Mr Milano and his team slowly pieced together Vito’s routine and were ready to strike once Montreal’s police force said so.
And what that time came on January 20, 2004, it was done “like a very well-performed ballet”.
SURGICAL STRIKE
“It was surgical. Precise actions between the investigators, myself, and Pietro and the cast of support police officers that were part of the surveillance team till the moment we put the cuffs on him.
“We had a team that surrounded the property. We basically knocked on the door – we didn’t want to have tactical officers accompany us. It’s a family environment, his house was located in a very well-to-do area in Montreal and we did not have information regarding that he might be carrying a gun.
“We decided, Pietro and I, to confront Mr Rizzuto like normal citizens.
“Like two detectives to a bad guy. We knocked at the door. His wife answered. It was quite early in the morning and so she was in a nightgown. It was cold.
“Mrs Rizzuto opens the door and he’s at the top of the stairs. It’s not a small property.
“My partner and I asked him to come down, which he does and we go to the parlour just off the door.
“I ask him to sit down and I take the document out and I read it to him.
“He understood clearly why we were there and he understood the charge.
“He asked us at that point if he could change because he was in a nightgown and that’s when my partner told him: ‘Dress up nicely Vito because you’ll be going to court’.”
Vito was handcuffed and eventually taken to a maximum security jail 30 minutes outside the city.
Mr Milano remembers Vito was “confused, bewildered” and constantly asking if they had the right person.
When the FBI’s extradition warrant finally came through two years later, Mr Milano and his partner swooped Vito out and onto a plane set for New York.
He said: “We allowed him to have his weekly visit with the family and waited for them to leave to sweep in the visitor sector.
“Me and another officer in plain clothes picked him up. The surprise was so well planned, he had to give away his belongings in the cell to a fellow inmate and the guards were all bewildered.
“The trip back to Montreal allowed him to get to know me and me him.
“He was forthcoming and spoke openly about his family, his prediction about how things would go down in his absence.
“It was prophetic; everything except the murders of his crew and family happened.”

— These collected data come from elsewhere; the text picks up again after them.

lemma (in finite_measure) measure_disjoint_family_LIMSEQ_zero:
  assumes "range T \<subseteq> sets M" "disjoint_family T"
  shows "(\<lambda>j. measure M (T j)) \<longlonglongrightarrow> 0"
  using finite_measure_UNION[OF assms] by (intro summable_LIMSEQ_zero sums_summable)

lemma disjoint_family_geometric_intervals:
  fixes R lo hi :: real
  assumes "0 < lo" "1 \<le> R" "hi < R * lo"
  shows "disjoint_family (\<lambda>j. {R ^ j * lo .. R ^ j * hi})"
proof -
  have "{R ^ i * lo .. R ^ i * hi} \<inter> {R ^ j * lo .. R ^ j * hi} = {}" if "i < j" for i j
  proof -
    have "R ^ i * hi < R ^ i * (R * lo)"
      using assms by simp
    also have "\<dots> = R ^ Suc i * lo"
      by simp
    also have "\<dots> \<le> R ^ j * lo"
      using assms that by (intro mult_right_mono power_increasing) auto
    finally show ?thesis
      by auto
  qed
  then show ?thesis
    unfolding disjoint_family_on_def by (metis inf_commute linorder_neqE_nat)
qed

lemma exists_fraction_between:
  fixes a b :: real
  assumes "0 \<le> a" "a < b" "b \<le> 1"
  obtains k n :: nat where "0 < k" "k < n" "a < real k / real n" "real k / real n < b"
proof -
  obtain r where "r \<in> \<rat>" "a < r" "r < b"
    using Rats_dense_in_real[OF \<open>a < b\<close>] by blast
  moreover from \<open>r \<in> \<rat>\<close> obtain k n :: nat where "n \<noteq> 0" "\<bar>r\<bar> = real k / real n"
    by (rule Rats_abs_nat_div_natE)
  ultimately have fraction: "a < real k / real n" "real k / real n < b"
    using \<open>0 \<le> a\<close> by auto
  show ?thesis
  proof (rule that[OF _ _ fraction])
    show "0 < k"
      using fraction(1) \<open>0 \<le> a\<close> by (cases "k = 0") auto
    have "real k / real n < 1"
      using fraction(2) \<open>b \<le> 1\<close> by linarith
    then show "k < n"
      using \<open>n \<noteq> 0\<close> by (simp add: divide_less_eq)
  qed
qed

lemma ln_inverse_le_of_power_le:
  fixes x delta :: real
  assumes "0 < x" "0 < delta" "(1 / (1 + x)) ^ m \<le> delta"
  shows "ln (1 / delta) \<le> real m * x"
proof -
  have "ln (1 / delta) \<le> ln ((1 + x) ^ m)"
    using assms by (simp add: power_one_over field_simps)
  also have "\<dots> = real m * ln (1 + x)"
    using assms by (simp add: ln_realpow)
  also have "\<dots> \<le> real m * x"
    using assms by (intro mult_left_mono ln_add_one_self_le_self) auto
  finally show ?thesis .
qed

definition axis_point :: "real \<Rightarrow> nat \<Rightarrow> real" where
  "axis_point a = (\<lambda>i. if i = 0 then a else 0)"

lemma axis_point_in_Rd: "1 \<le> d \<Longrightarrow> axis_point a \<in> Rd d"
  by (auto simp: axis_point_def Rd_def)

lemma axis_point_eq_iff: "axis_point a = axis_point b \<longleftrightarrow> a = b"
  by (auto simp: axis_point_def fun_eq_iff)

lemma sqdist_axis_point_ge:
  assumes "1 \<le> d"
  shows "(a - x 0)\<^sup>2 \<le> sqdist d (axis_point a) x"
proof -
  obtain d' where d: "d = Suc d'"
    using assms by (cases d) auto
  show ?thesis
    unfolding sqdist_def d sum.lessThan_Suc_shift by (auto simp: axis_point_def intro!: sum_nonneg)
qed

lemma sqdist_axis_points:
  assumes "1 \<le> d"
  shows "sqdist d (axis_point a) (axis_point b) = (a - b)\<^sup>2"
proof -
  obtain d' where d: "d = Suc d'"
    using assms by (cases d) auto
  show ?thesis
    unfolding sqdist_def d sum.lessThan_Suc_shift by (simp add: axis_point_def)
qed

lemma cost_nonneg: "0 \<le> cost d A x"
  unfolding cost_def sqdist_def by (induction A) (auto intro!: add_nonneg_nonneg sum_nonneg)

definition two_point :: "nat \<Rightarrow> nat \<Rightarrow> real \<Rightarrow> (nat \<Rightarrow> real) multiset" where
  "two_point k n t = replicate_mset k (axis_point t) + replicate_mset (n - k) (axis_point 0)"

lemma cost_two_point:
  "cost d (two_point k n t) x
     = real k * sqdist d (axis_point t) x + real (n - k) * sqdist d (axis_point 0) x"
  by (simp add: cost_def two_point_def sum_mset_replicate_mset)

lemma weighted_sq_dev_eq: "p * (t - y)\<^sup>2 + (1 - p) * y\<^sup>2 = p * (1 - p) * t\<^sup>2 + (y - p * t)\<^sup>2"
  for p t y :: real
  by (simp add: algebra_simps power2_eq_square)

lemma two_point_weights:
  assumes "k \<le> n"
  shows "real k * a + real (n - k) * b = real n * (real k / real n * a + (1 - real k / real n) * b)"
  using assms by (cases "n = 0") (simp_all add: field_simps of_nat_diff)

lemma cost_two_point_ge:
  assumes "1 \<le> d" "k \<le> n"
  defines "p \<equiv> real k / real n"
  shows "real n * (p * (1 - p) * t\<^sup>2 + (x 0 - p * t)\<^sup>2) \<le> cost d (two_point k n t) x"
proof -
  have "real n * (p * (1 - p) * t\<^sup>2 + (x 0 - p * t)\<^sup>2)
      = real k * (t - x 0)\<^sup>2 + real (n - k) * (x 0)\<^sup>2"
    unfolding two_point_weights[OF assms(2)] p_def[symmetric] weighted_sq_dev_eq ..
  also have "\<dots> \<le> cost d (two_point k n t) x"
    unfolding cost_two_point
    using sqdist_axis_point_ge[OF assms(1), of t x] sqdist_axis_point_ge[OF assms(1), of 0 x]
    by (intro add_mono mult_left_mono) simp_all
  finally show ?thesis .
qed

lemma Opt_two_point_le:
  assumes "1 \<le> d" "k \<le> n"
  defines "p \<equiv> real k / real n"
  shows "Opt d (two_point k n t) \<le> real n * (p * (1 - p) * t\<^sup>2)"
proof -
  have "Opt d (two_point k n t) \<le> cost d (two_point k n t) (axis_point (p * t))"
    unfolding Opt_def using cost_nonneg axis_point_in_Rd[OF assms(1)]
    by (intro cINF_lower bdd_belowI[where m = 0]) auto
  also have "\<dots> = real n * (p * (t - p * t)\<^sup>2 + (1 - p) * (p * t)\<^sup>2)"
    unfolding cost_two_point sqdist_axis_points[OF assms(1)] two_point_weights[OF assms(2)]
      p_def[symmetric] by simp
  also have "\<dots> = real n * (p * (1 - p) * t\<^sup>2)"
    unfolding weighted_sq_dev_eq by simp
  finally show ?thesis .
qed

lemma approx_mean_two_point:
  assumes "1 \<le> d" "k \<le> n" "0 < n" "0 \<le> eps" "approx_mean d eps (two_point k n t) x"
  defines "p \<equiv> real k / real n"
  shows "(x 0 - p * t)\<^sup>2 \<le> eps * (p * (1 - p) * t\<^sup>2)"
proof -
  have "real n * (p * (1 - p) * t\<^sup>2 + (x 0 - p * t)\<^sup>2) \<le> cost d (two_point k n t) x"
    using cost_two_point_ge[OF assms(1,2)] unfolding p_def .
  also have "\<dots> \<le> (1 + eps) * Opt d (two_point k n t)"
    using assms(5) unfolding approx_mean_def by blast
  also have "\<dots> \<le> (1 + eps) * (real n * (p * (1 - p) * t\<^sup>2))"
    using Opt_two_point_le[OF assms(1,2), of t] assms(4) unfolding p_def[symmetric]
    by (intro mult_left_mono) auto
  finally have "real n * (p * (1 - p) * t\<^sup>2 + (x 0 - p * t)\<^sup>2)
      \<le> real n * ((1 + eps) * (p * (1 - p) * t\<^sup>2))"
    by (simp only: mult.left_commute)
  then have "p * (1 - p) * t\<^sup>2 + (x 0 - p * t)\<^sup>2 \<le> (1 + eps) * (p * (1 - p) * t\<^sup>2)"
    using \<open>0 < n\<close> by simp
  then show ?thesis
    by (simp add: algebra_simps)
qed

lemma approx_mean_two_point_coord_interval:
  assumes "1 \<le> d" "k \<le> n" "0 < n" "0 \<le> eps" "0 \<le> t" "approx_mean d eps (two_point k n t) x"
  defines "p \<equiv> real k / real n"
  defines "s \<equiv> sqrt (eps * p * (1 - p))"
  shows "x 0 \<in> {t * (p - s) .. t * (p + s)}"
proof -
  have "0 \<le> p" "p \<le> 1"
    using assms(2,3) unfolding p_def by auto
  then have "0 \<le> eps * p * (1 - p)"
    using assms(4) by simp
  then have "0 \<le> s" "s\<^sup>2 = eps * p * (1 - p)"
    unfolding s_def by simp_all
  moreover have "(x 0 - p * t)\<^sup>2 \<le> (s * t)\<^sup>2"
    using approx_mean_two_point[OF assms(1-4,6)] unfolding p_def[symmetric]
    using \<open>s\<^sup>2 = eps * p * (1 - p)\<close> by (simp add: power_mult_distrib mult.assoc)
  then have "\<bar>x 0 - p * t\<bar> \<le> \<bar>s * t\<bar>"
    by (simp only: abs_le_square_iff)
  ultimately have "\<bar>x 0 - p * t\<bar> \<le> s * t"
    using assms(5) by simp
  then show ?thesis
    by (auto simp: abs_le_iff algebra_simps)
qed

lemma two_point_nonempty: "k \<le> n \<Longrightarrow> 0 < n \<Longrightarrow> two_point k n t \<noteq> {#}"
  by (cases "k = n") (simp_all add: two_point_def)

lemma set_two_point_subset_Rd: "1 \<le> d \<Longrightarrow> set_mset (two_point k n t) \<subseteq> Rd d"
  by (auto simp: two_point_def axis_point_in_Rd)

lemma success_prob_two_point_le:
  assumes "k \<le> n" "0 < n" "t \<noteq> 0" "\<And>xs. prob_space (alg xs)"
  defines "p \<equiv> real k / real n"
  shows "success_prob d eps m alg (two_point k n t)
    \<le> 1 - (1 - p) ^ m * (1 - measure (alg (replicate m (axis_point 0)))
                                      {x. approx_mean d eps (two_point k n t) x})"
proof -
  have "pmf (pmf_of_multiset (two_point k n t)) (axis_point 0) = 1 - p"
    using assms(1-3) two_point_nonempty[OF assms(1,2)]
    by (simp add: two_point_def axis_point_eq_iff p_def field_simps of_nat_diff)
  then have "pmf (replicate_pmf m (pmf_of_multiset (two_point k n t))) (replicate m (axis_point 0))
      = (1 - p) ^ m"
    by (simp add: pmf_replicate_pmf_replicate)
  then show ?thesis
    unfolding success_prob_def using prob_space.prob_le_1[OF assms(4)]
    by (metis expectation_le_one_minus_pmf measure_nonneg)
qed

lemma approx_mean_two_point_disjoint_scales:
  assumes "1 \<le> d" "0 < eps" "0 < k" "k < n" "eps / (1 + eps) < real k / real n"
  obtains t :: "nat \<Rightarrow> real" and T :: "nat \<Rightarrow> (nat \<Rightarrow> real) set"
  where "\<And>j. 0 < t j" "disjoint_family T" "\<And>j. T j \<in> sets (\<Pi>\<^sub>M i\<in>UNIV. (borel :: real measure))"
    "\<And>j. {x. approx_mean d eps (two_point k n (t j)) x} \<subseteq> T j"
proof -
  define p where "p = real k / real n"
  define s where "s = sqrt (eps * p * (1 - p))"
  define R where "R = (p + s) / (p - s) + 1"
  define T where "T j = (\<lambda>x :: nat \<Rightarrow> real. x 0) -` {R ^ j * (p - s) .. R ^ j * (p + s)}" for j
  have "0 < p" "p < 1"
    using assms(3,4) by (simp_all add: p_def)
  moreover have "eps * (1 - p) < p"
    using assms(2,5) unfolding p_def[symmetric] by (simp add: divide_less_eq algebra_simps)
  ultimately have "0 \<le> s" "s\<^sup>2 < p\<^sup>2"
    using assms(2) unfolding s_def by (simp_all add: power2_eq_square)
  then have "s < p"
    using \<open>0 < p\<close> by (simp add: power_less_imp_less_base)
  moreover have "R * (p - s) = (p + s) + (p - s)"
    using \<open>s < p\<close> unfolding R_def distrib_right by simp
  ultimately have "1 \<le> R" "p + s < R * (p - s)"
    using \<open>0 \<le> s\<close> by (simp_all add: R_def)
  show ?thesis
  proof (rule that[of "\<lambda>j. R ^ j" T])
    show "0 < R ^ j" for j
      using \<open>1 \<le> R\<close> by simp
    show "disjoint_family T"
      unfolding T_def using \<open>s < p\<close> \<open>1 \<le> R\<close> \<open>p + s < R * (p - s)\<close>
      by (intro disjoint_family_on_vimageI disjoint_family_geometric_intervals) auto
    have "(\<lambda>x. x 0) -` {R ^ j * (p - s) .. R ^ j * (p + s)} \<inter> space (\<Pi>\<^sub>M i\<in>UNIV. (borel :: real measure))
        \<in> sets (\<Pi>\<^sub>M i\<in>UNIV. (borel :: real measure))" for j
      by (rule measurable_sets[OF measurable_component_singleton]) auto
    then show "T j \<in> sets (\<Pi>\<^sub>M i\<in>UNIV. (borel :: real measure))" for j
      unfolding T_def by (simp add: space_PiM)
    show "{x. approx_mean d eps (two_point k n (R ^ j)) x} \<subseteq> T j" for j
      using approx_mean_two_point_coord_interval[OF assms(1), of k n eps "R ^ j"] assms(2,4)
        \<open>1 \<le> R\<close> unfolding T_def p_def s_def by (auto simp: mult.commute)
  qed
qed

Vito was later found guilty for the murders of three rival Bonano crime family capos, Philip Giaccone, Dominick Trinchera and Alphonse Indelicato.
On May 4, 2007, he pleaded guilty to conspiracy to commit murder and was sentenced to 10 years behind bars and fined $250,000.
He was incarcerated into a federal supermax prison for the most dangerous male inmates in the US.
His disappearance from the mob scene created a power vaccum – with Vito’s son Nick being gunned down in 2009, and his father Nicolo being shot by a sniper in 2010.
When Vito was given early release in October 2012, he flew back to Montreal and met his captor months before the mob boss’ death from lung cancer.
The mobster provided Mr Milano with vital information about corruption among Quebec’s construction industry, which his family once benefitted from.
“I repeat to everyone who asks me what Vito was like,” Mr Milano said.
“He was a gentleman, in every sense of the word. Very composed and very articulate. He had leadership qualities.
“He was able to influence people and had that charisma that made him a little bit special.
“I’ve met some big players in organised crime and some big time bikers and there was a distinction with Vito in regards to that.”